Saturday, April 3, 2010

Laurie Halse Anderson's Speak


Back in September I posted a short article about a challenge to Laurie Halse Anderson's Novel Speak. I didn't review the book at that time, and just now read it.

Speak addresses a very difficult topic:the rape of a teenage girl and its emotional consequences. It is a touching, painful look into the mind of the victim, her feelings of shame, guilt, isolation, and above all, inability to communicate. The entire book explores her struggle to speak, to find her own feelings and give them expression, to believe she had a right to speak, to make herself heard by adults and peers who don't want to hear her, who really aren't listening. Ultimately, it is a story of healing, of trauma overcome.

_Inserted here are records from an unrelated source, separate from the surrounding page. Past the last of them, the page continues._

lemma time_scale_lipschitz_on:
  assumes "convex \<Omega>" "\<Omega> \<subseteq> S" and M: "\<And>z. z \<in> \<Omega> \<Longrightarrow> onorm (DL z w) \<le> M"
    and p: "p \<in> \<Omega>" and q: "q \<in> \<Omega>"
  shows "\<bar>time_scale p w - time_scale q w\<bar> \<le> M / \<beta>\<^sup>2 * dist p q"
proof -
  have pS: "p \<in> S" and qS: "q \<in> S"
    using assms by auto
  have L_diff: "\<bar>L q w - L p w\<bar> \<le> M * dist p q"
    using differentiable_bound[OF \<open>convex \<Omega>\<close> has_derivative_subset[OF L_deriv] M q p] assms
    by (auto simp: dist_norm norm_minus_commute)
  have "time_scale p w - time_scale q w = time_scale p w * time_scale q w * (L q w - L p w)"
    using L_beta_pos[OF pS, of w] L_beta_pos[OF qS, of w] by (simp add: time_scale_def field_simps)
  then have "\<bar>time_scale p w - time_scale q w\<bar> = time_scale p w * time_scale q w * \<bar>L q w - L p w\<bar>"
    using time_scale_pos[OF pS] time_scale_pos[OF qS] by (simp add: abs_mult abs_of_pos)
  also have "\<dots> \<le> inverse \<beta> * inverse \<beta> * (M * dist p q)"
    using time_scale_le[OF pS] time_scale_le[OF qS] time_scale_pos[OF pS] time_scale_pos[OF qS]
      L_diff beta_pos
    by (intro mult_mono) (simp_all add: less_imp_le)
  finally show ?thesis
    by (simp add: power2_eq_square divide_inverse ac_simps)
qed

lemma dist_G_le:
  assumes "q \<in> S" "\<rho> \<in> {0..1}"
  shows "\<exists>Q\<in>G q. dist (\<rho> *\<^sub>R (time_scale p w, V p w)) Q
                   \<le> \<bar>time_scale p w - time_scale q w\<bar> + norm (V p w - V q w)"
proof
  show "\<rho> *\<^sub>R (time_scale q w, V q w) \<in> G q"
    unfolding G_eq using assms(2) by blast
  have "dist (\<rho> *\<^sub>R (time_scale p w, V p w)) (\<rho> *\<^sub>R (time_scale q w, V q w))
      \<le> dist (time_scale p w, V p w) (time_scale q w, V q w)"
    using assms(2) by (intro dist_scaleR_le) auto
  also have "\<dots> = norm (time_scale p w - time_scale q w, V p w - V q w)"
    by (simp add: dist_norm)
  also have "\<dots> \<le> \<bar>time_scale p w - time_scale q w\<bar> + norm (V p w - V q w)"
    using norm_Pair_le[of "time_scale p w - time_scale q w" "V p w - V q w"] by simp
  finally show "dist (\<rho> *\<^sub>R (time_scale p w, V p w)) (\<rho> *\<^sub>R (time_scale q w, V q w))
      \<le> \<bar>time_scale p w - time_scale q w\<bar> + norm (V p w - V q w)" .
qed

lemma dist_G_le_if_time_scale_le:
  assumes p: "p \<in> S" and q: "q \<in> S" and \<rho>: "\<rho> \<in> {0..1}"
    and le: "time_scale p w \<le> time_scale q w"
  shows "\<exists>Q\<in>G q. dist (\<rho> *\<^sub>R (time_scale p w, V p w)) Q \<le> time_scale p w * norm (g p w - g q w)"
proof
  define s where "s = \<rho> * time_scale p w"
  have "0 \<le> s" "s \<le> time_scale q w"
    using \<rho> le time_scale_pos[OF p, where u=w] unfolding s_def
    by (auto intro: order_trans[OF mult_left_le_one_le])
  then have "s * (L q w + \<beta>) \<le> 1"
    using L_beta_pos[OF q, of w] by (simp add: time_scale_def field_simps)
  with \<open>0 \<le> s\<close> show "(s, s *\<^sub>R g q w) \<in> G q"
    using mem_G_iff[OF q] by blast
  have "dist (\<rho> *\<^sub>R (time_scale p w, V p w)) (s, s *\<^sub>R g q w) = s * norm (g p w - g q w)"
    using \<open>0 \<le> s\<close> by (simp add: s_def V_def dist_norm flip: scaleR_diff_right)
  also have "\<dots> \<le> time_scale p w * norm (g p w - g q w)"
    using \<rho> time_scale_pos[OF p, where u=w] unfolding s_def
    by (simp add: mult_left_le_one_le mult_right_le_one_le)
  finally show "dist (\<rho> *\<^sub>R (time_scale p w, V p w)) (s, s *\<^sub>R g q w)
      \<le> time_scale p w * norm (g p w - g q w)" .
qed

lemma dist_G_le_if_time_scale_between:
  assumes p: "p \<in> S" and q: "q \<in> S" and \<rho>: "\<rho> \<in> {0..1}"
    and lt: "time_scale q w < time_scale p w" and le: "2 * time_scale p w \<le> time_scale q 0"
  shows "\<exists>Q\<in>G q. dist (\<rho> *\<^sub>R (time_scale p w, V p w)) Q
                   \<le> 2 * norm (V p w - V q w) + time_scale p w * norm (g p w - g q w)"
proof
  define T a b where "T = time_scale p w" and "a = time_scale q w" and "b = time_scale q 0"
  have "0 < a" "a < T" "2 * T \<le> b"
    using time_scale_pos[OF q] lt le by (simp_all add: T_def a_def b_def)
  \<comment> \<open>Mixing in the point \<open>(b, 0)\<close> of \<open>G q\<close> lifts the first coordinate to \<open>T\<close> while only
    shrinking the second one.\<close>
  define \<mu> where "\<mu> = (b - T) / (b - a)"
  have \<mu>: "0 \<le> \<mu>" "\<mu> \<le> 1" "1 - \<mu> = (T - a) / (b - a)" "\<mu> * (b - a) = b - T"
    using \<open>0 < a\<close> \<open>a < T\<close> \<open>2 * T \<le> b\<close> by (auto simp: \<mu>_def field_simps)
  then have "\<mu> * a + (1 - \<mu>) * b = T"
    by (simp add: algebra_simps)
  have "(a, V q w) \<in> G q" "(b, 0) \<in> G q"
    using vertex_mem_G[of q w] vertex_mem_G[of q 0] by (simp_all add: a_def b_def V_def)
  then have X: "\<mu> *\<^sub>R (a, V q w) + (1 - \<mu>) *\<^sub>R (b, 0) \<in> G q"
    using \<mu>(1,2) by (intro convexD[OF convex_G[OF q]]) auto
  have "\<rho> *\<^sub>R (\<mu> *\<^sub>R (a, V q w) + (1 - \<mu>) *\<^sub>R (b, 0)) + (1 - \<rho>) *\<^sub>R (0, 0) \<in> G q"
    using \<rho> by (intro convexD[OF convex_G[OF q] X zero_mem_G[OF q]]) auto
  then show "\<rho> *\<^sub>R (\<mu> *\<^sub>R (a, V q w) + (1 - \<mu>) *\<^sub>R (b, 0)) \<in> G q"
    by simp
  have "(T - a) * norm (g q w) = norm (T *\<^sub>R g q w - a *\<^sub>R g q w)"
    using \<open>a < T\<close> by (simp flip: scaleR_diff_left)
  also have "\<dots> \<le> norm (T *\<^sub>R g q w - T *\<^sub>R g p w) + norm (V p w - V q w)"
    using norm_diff_triangle_le[of "T *\<^sub>R g q w" "T *\<^sub>R g p w" _ "a *\<^sub>R g q w"]
    by (simp add: V_def T_def a_def)
  also have "\<dots> = T * norm (g p w - g q w) + norm (V p w - V q w)"
    using \<open>0 < a\<close> \<open>a < T\<close> by (simp add: norm_minus_commute flip: scaleR_diff_right)
  finally have gap: "(T - a) * norm (g q w) \<le> T * norm (g p w - g q w) + norm (V p w - V q w)" .
  have "(1 - \<mu>) * norm (V q w) = (T - a) * norm (g q w) * (a / (b - a))"
    using \<mu>(3) \<open>0 < a\<close> by (simp add: V_def a_def)
  also have "\<dots> \<le> (T - a) * norm (g q w)"
  proof (rule mult_left_le)
    show "a / (b - a) \<le> 1"
      using \<open>0 < a\<close> \<open>a < T\<close> \<open>2 * T \<le> b\<close> by (simp add: field_simps)
    show "0 \<le> (T - a) * norm (g q w)"
      using \<open>a < T\<close> by simp
  qed
  finally have tail: "(1 - \<mu>) * norm (V q w) \<le> T * norm (g p w - g q w) + norm (V p w - V q w)"
    using gap by linarith
  have "dist (\<rho> *\<^sub>R (T, V p w)) (\<rho> *\<^sub>R (\<mu> *\<^sub>R (a, V q w) + (1 - \<mu>) *\<^sub>R (b, 0)))
      \<le> dist (T, V p w) (\<mu> *\<^sub>R (a, V q w) + (1 - \<mu>) *\<^sub>R (b, 0))"
    using \<rho> by (intro dist_scaleR_le) auto
  also have "\<dots> = norm ((V p w - V q w) + (1 - \<mu>) *\<^sub>R V q w)"
    using \<open>\<mu> * a + (1 - \<mu>) * b = T\<close> by (simp add: dist_norm algebra_simps)
  also have "\<dots> \<le> norm (V p w - V q w) + (1 - \<mu>) * norm (V q w)"
    using norm_triangle_ineq[of "V p w - V q w" "(1 - \<mu>) *\<^sub>R V q w"] \<mu>(2) by simp
  finally show "dist (\<rho> *\<^sub>R (time_scale p w, V p w)) (\<rho> *\<^sub>R (\<mu> *\<^sub>R (a, V q w) + (1 - \<mu>) *\<^sub>R (b, 0)))
      \<le> 2 * norm (V p w - V q w) + time_scale p w * norm (g p w - g q w)"
    using tail by (simp add: T_def)
qed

The book is neither vulgar nor lurid. There are references to sexual activity, but no detailed descriptions of them. Strong words are used very occasionally, just enough to give the book some realism as a reflection of high school society. There is no glorification of violence, criminality, drugs, or alcohol. This is a book about consequences.

Speak is a powerful learning opportunity for anyone, whether reading it personally or in a classroom. Some of the things the reader might learn from it are that alcohol consumption increases the risks of becoming a victim, that a perpetrator who raped once is likely to rape again, that emotional scars are not minor just because they are hidden, that a victim needs to speak up to protect others, that a victim needs to speak up to protect herself, to heal herself, that peers and adults need to pay attention when a teenager shuts down emotionally. I can't imagine how or why anyone would want to deny these lessons to any teenager, or adult for that matter.

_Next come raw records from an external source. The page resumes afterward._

(* For every $\theta\in[-\pi,\pi]^d\setminus\{0\}$, the spectral radius of the complex matrix $\widehat{\mu}(\theta)$ is strictly smaller than $1$.
   Context: Fix integers $d,p\ge 1$. Let $(Z_n)=(A_n,M_n)$ be a Markov-additive process on $\mathbb{Z}^d\times\{1,\dots,p\}$, i.e. a Markov chain with $\mathbb{P}_{(x,i)}((A_1,M_1)=(x',i'))=\mathbb{P}_{(0,i)}((A_1,M_1)=(x'-x,i'))$ for all $x,x',i,i'$, with jump matrix of sub-probability measures $\mu_{i,j}(x)=\mathbb{P}_{(0,i)}((A_1,M_1)=(x,j))$. It is assumed irreducible, aperiodic (for every state $(x,i)$, $\gcd\{n\ge1:\mathbb{P}_{(x,i)}(Z_n=(x,i))>0\}=1$), and with finite exponential moments ($\sum_x e^{\alpha\|x\|}\mu_{i,j}(x)<\infty$ for all $i,j$, $\alpha>0$). The Fourier transform is the $p\times p$ complex matrix $\widehat\mu(\theta)_{i,j}=\sum_{x\in\mathbb{Z}^d}e^{\mathbf{i}x\cdot\theta}\mu_{i,j}(x)$, $\theta\in\mathbb{R}^d$. *)

theory Defs
  imports "HOL-Analysis.Analysis" "Jordan_Normal_Form.Spectral_Radius"
begin

text \<open>Markov-additive process on Z^d x {0,...,p-1} (modes indexed 0..p-1 instead of 1..p).
  Z^d is rendered as int^'d (d = CARD('d)); the jump kernel is mu i j x.\<close>

definition state_space :: "nat \<Rightarrow> ((int^'d) \<times> nat) set" where
  "state_space p = UNIV \<times> {..<p}"

definition mak_trans :: "(nat \<Rightarrow> nat \<Rightarrow> int^'d \<Rightarrow> real) \<Rightarrow> (int^'d) \<times> nat \<Rightarrow> (int^'d) \<times> nat \<Rightarrow> real" where
  "mak_trans mu s t = mu (snd s) (snd t) (fst t - fst s)"

fun mak_trans_pow :: "nat \<Rightarrow> (nat \<Rightarrow> nat \<Rightarrow> int^'d \<Rightarrow> real) \<Rightarrow> nat \<Rightarrow> (int^'d) \<times> nat \<Rightarrow> (int^'d) \<times> nat \<Rightarrow> real" where
  "mak_trans_pow p mu 0 s t = (if s = t then 1 else 0)"
| "mak_trans_pow p mu (Suc n) s t =
     (\<Sum>\<^sub>\<infinity>u\<in>state_space p. mak_trans_pow p mu n s u * mak_trans mu u t)"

This is certainly my opinion as a reader, but not only mine.  Speak has been a bestseller on the New York Times and Publishers Weekly lists, a winner of the Michael L. Printz award, a School Library Journal Best Book of the Year, and has been adapted into a movie.  

In September, the book was challenged but retained in Temecula, California. The author's website acknowledges challenges in Michigan, New Hampshire, Florida, Ohio, Washington, New York, and Maine. Luckily, since review committees usually include adults who actually read, challenges are mostly decided in favor of keeping the book on the shelf, in the curriculum, or wherever it was challenged.

5 comments:

  1. Speak is SUCH a wonderful book. The writing style was spectacular, very talented. Whenever the rapist(whatever his name was) was in a scene I could feel my skin crawl. And the last few chapters almost made me stand up in cheer, I would have if my Mum wasn't in the room and I didn't want to freak her out.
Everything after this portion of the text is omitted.